• _Work required_
Your task is to copy every line of the entries that contains "Icarr".

.....

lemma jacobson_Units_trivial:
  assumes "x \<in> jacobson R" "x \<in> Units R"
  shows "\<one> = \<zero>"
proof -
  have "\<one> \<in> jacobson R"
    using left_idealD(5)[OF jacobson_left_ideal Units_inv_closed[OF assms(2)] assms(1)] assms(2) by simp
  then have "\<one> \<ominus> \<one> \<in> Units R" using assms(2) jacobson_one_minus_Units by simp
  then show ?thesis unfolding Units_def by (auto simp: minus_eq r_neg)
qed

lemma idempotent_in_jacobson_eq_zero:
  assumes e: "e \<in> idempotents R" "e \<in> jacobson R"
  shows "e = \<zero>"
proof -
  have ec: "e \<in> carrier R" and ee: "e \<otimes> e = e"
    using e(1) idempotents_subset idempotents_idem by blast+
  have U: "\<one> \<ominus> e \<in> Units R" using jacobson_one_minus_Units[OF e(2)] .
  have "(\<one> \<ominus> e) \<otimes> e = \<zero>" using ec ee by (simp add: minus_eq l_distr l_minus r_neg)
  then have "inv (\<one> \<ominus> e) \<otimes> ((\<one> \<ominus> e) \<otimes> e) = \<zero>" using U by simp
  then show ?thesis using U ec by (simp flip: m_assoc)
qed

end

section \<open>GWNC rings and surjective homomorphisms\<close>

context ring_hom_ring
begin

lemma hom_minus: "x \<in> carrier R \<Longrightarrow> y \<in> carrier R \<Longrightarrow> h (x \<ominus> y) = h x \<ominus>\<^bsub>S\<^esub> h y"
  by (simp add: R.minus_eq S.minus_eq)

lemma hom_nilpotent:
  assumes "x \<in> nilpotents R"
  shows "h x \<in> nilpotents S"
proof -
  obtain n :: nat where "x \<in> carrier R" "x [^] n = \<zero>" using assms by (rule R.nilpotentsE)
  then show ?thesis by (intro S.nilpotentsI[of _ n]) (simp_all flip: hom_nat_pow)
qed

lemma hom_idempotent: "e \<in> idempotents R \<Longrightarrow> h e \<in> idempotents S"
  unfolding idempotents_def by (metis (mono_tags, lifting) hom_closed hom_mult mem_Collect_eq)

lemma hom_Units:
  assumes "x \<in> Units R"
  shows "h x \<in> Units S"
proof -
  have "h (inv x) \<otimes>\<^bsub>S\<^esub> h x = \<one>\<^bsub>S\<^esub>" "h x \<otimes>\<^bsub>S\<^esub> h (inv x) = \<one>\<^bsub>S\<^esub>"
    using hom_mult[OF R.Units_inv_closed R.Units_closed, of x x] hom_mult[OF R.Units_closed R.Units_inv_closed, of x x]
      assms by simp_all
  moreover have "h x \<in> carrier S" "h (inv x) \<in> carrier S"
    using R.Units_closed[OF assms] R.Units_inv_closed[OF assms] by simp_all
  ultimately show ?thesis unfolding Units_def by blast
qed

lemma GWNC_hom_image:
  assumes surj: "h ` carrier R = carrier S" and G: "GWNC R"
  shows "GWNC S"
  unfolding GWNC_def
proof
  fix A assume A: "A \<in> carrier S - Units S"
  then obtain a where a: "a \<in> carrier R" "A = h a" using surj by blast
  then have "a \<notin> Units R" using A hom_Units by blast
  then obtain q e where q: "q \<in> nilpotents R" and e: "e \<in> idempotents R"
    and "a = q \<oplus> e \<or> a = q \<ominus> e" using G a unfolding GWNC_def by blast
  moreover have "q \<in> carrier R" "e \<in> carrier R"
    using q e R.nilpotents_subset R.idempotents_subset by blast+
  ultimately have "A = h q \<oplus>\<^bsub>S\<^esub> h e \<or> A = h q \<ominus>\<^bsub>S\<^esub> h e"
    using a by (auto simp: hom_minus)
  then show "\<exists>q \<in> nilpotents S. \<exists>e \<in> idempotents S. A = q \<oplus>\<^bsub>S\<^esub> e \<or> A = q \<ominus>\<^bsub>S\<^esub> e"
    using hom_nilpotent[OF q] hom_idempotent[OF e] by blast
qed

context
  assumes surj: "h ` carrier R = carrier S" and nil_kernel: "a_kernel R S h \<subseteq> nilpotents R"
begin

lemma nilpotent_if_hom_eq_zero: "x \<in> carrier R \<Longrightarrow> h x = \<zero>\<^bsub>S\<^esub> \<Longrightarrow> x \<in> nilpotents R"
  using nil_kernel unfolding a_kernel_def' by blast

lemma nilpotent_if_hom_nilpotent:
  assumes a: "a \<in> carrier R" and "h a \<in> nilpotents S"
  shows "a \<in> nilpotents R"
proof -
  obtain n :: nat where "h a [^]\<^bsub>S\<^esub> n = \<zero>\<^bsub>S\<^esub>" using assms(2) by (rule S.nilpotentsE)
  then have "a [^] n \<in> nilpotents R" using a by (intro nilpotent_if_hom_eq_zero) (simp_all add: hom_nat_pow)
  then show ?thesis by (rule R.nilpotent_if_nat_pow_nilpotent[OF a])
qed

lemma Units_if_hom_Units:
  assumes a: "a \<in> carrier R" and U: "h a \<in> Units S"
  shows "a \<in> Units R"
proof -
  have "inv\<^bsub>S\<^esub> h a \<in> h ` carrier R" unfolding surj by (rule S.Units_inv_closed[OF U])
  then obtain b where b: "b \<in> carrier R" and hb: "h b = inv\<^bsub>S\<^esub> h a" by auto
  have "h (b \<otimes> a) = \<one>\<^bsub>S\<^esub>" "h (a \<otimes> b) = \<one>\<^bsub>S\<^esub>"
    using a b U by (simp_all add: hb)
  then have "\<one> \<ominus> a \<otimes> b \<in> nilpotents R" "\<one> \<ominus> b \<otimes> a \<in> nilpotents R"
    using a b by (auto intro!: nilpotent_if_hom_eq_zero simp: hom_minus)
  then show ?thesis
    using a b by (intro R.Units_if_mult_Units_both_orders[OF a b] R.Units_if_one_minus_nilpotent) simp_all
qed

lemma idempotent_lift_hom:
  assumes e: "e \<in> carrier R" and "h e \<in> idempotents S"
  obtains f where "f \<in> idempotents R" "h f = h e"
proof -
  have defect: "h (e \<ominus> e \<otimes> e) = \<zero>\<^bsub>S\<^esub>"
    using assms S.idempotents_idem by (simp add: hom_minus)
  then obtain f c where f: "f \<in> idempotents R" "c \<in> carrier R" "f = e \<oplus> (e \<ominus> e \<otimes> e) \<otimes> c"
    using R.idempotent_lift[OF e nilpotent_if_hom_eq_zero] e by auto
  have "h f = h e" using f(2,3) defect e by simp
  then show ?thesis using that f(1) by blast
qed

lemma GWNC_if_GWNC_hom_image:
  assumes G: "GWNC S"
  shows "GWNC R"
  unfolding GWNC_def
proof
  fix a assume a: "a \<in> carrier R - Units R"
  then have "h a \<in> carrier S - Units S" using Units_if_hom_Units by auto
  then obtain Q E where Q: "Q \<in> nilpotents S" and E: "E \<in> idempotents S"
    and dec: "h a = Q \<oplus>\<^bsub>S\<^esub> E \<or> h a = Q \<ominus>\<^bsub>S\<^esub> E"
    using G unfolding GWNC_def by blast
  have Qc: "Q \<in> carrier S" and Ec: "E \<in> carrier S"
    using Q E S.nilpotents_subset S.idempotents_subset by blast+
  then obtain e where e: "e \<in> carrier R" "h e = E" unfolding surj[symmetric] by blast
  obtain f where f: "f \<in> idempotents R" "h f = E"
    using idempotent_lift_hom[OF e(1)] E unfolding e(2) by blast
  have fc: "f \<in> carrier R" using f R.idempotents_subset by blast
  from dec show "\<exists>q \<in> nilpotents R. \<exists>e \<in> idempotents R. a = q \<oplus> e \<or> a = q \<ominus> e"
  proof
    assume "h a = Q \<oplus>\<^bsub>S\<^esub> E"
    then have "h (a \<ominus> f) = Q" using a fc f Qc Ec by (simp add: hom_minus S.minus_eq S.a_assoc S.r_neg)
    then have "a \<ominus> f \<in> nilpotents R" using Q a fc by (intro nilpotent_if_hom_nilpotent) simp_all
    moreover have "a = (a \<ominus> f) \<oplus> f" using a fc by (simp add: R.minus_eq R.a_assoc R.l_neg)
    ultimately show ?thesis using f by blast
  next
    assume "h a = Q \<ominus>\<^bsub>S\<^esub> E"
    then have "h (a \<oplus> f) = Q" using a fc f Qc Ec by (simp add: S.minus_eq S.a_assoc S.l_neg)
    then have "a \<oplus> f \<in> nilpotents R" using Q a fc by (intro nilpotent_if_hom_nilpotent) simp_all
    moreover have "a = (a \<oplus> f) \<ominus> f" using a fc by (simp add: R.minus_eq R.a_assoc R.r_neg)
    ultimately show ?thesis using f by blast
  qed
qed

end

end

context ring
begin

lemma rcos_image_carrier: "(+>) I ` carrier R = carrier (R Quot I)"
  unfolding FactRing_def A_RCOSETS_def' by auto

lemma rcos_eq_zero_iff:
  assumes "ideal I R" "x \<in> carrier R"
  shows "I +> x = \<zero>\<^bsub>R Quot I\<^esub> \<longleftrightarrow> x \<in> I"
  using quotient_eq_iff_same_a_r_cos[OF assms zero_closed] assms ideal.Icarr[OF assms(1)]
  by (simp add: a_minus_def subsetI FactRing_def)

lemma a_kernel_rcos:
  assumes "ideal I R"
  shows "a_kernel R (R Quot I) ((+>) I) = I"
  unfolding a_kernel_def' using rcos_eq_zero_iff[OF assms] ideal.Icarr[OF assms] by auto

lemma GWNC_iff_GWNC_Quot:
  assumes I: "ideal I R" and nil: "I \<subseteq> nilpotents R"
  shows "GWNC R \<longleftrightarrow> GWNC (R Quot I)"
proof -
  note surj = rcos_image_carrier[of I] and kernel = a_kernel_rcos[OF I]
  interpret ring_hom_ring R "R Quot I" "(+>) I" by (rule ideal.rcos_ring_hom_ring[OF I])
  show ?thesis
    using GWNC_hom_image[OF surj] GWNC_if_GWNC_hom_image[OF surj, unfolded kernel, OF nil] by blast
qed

.....

• _Result for this exercise_
  using quotient_eq_iff_same_a_r_cos[OF assms zero_closed] assms ideal.Icarr[OF assms(1)]
  unfolding a_kernel_def' using rcos_eq_zero_iff[OF assms] ideal.Icarr[OF assms] by auto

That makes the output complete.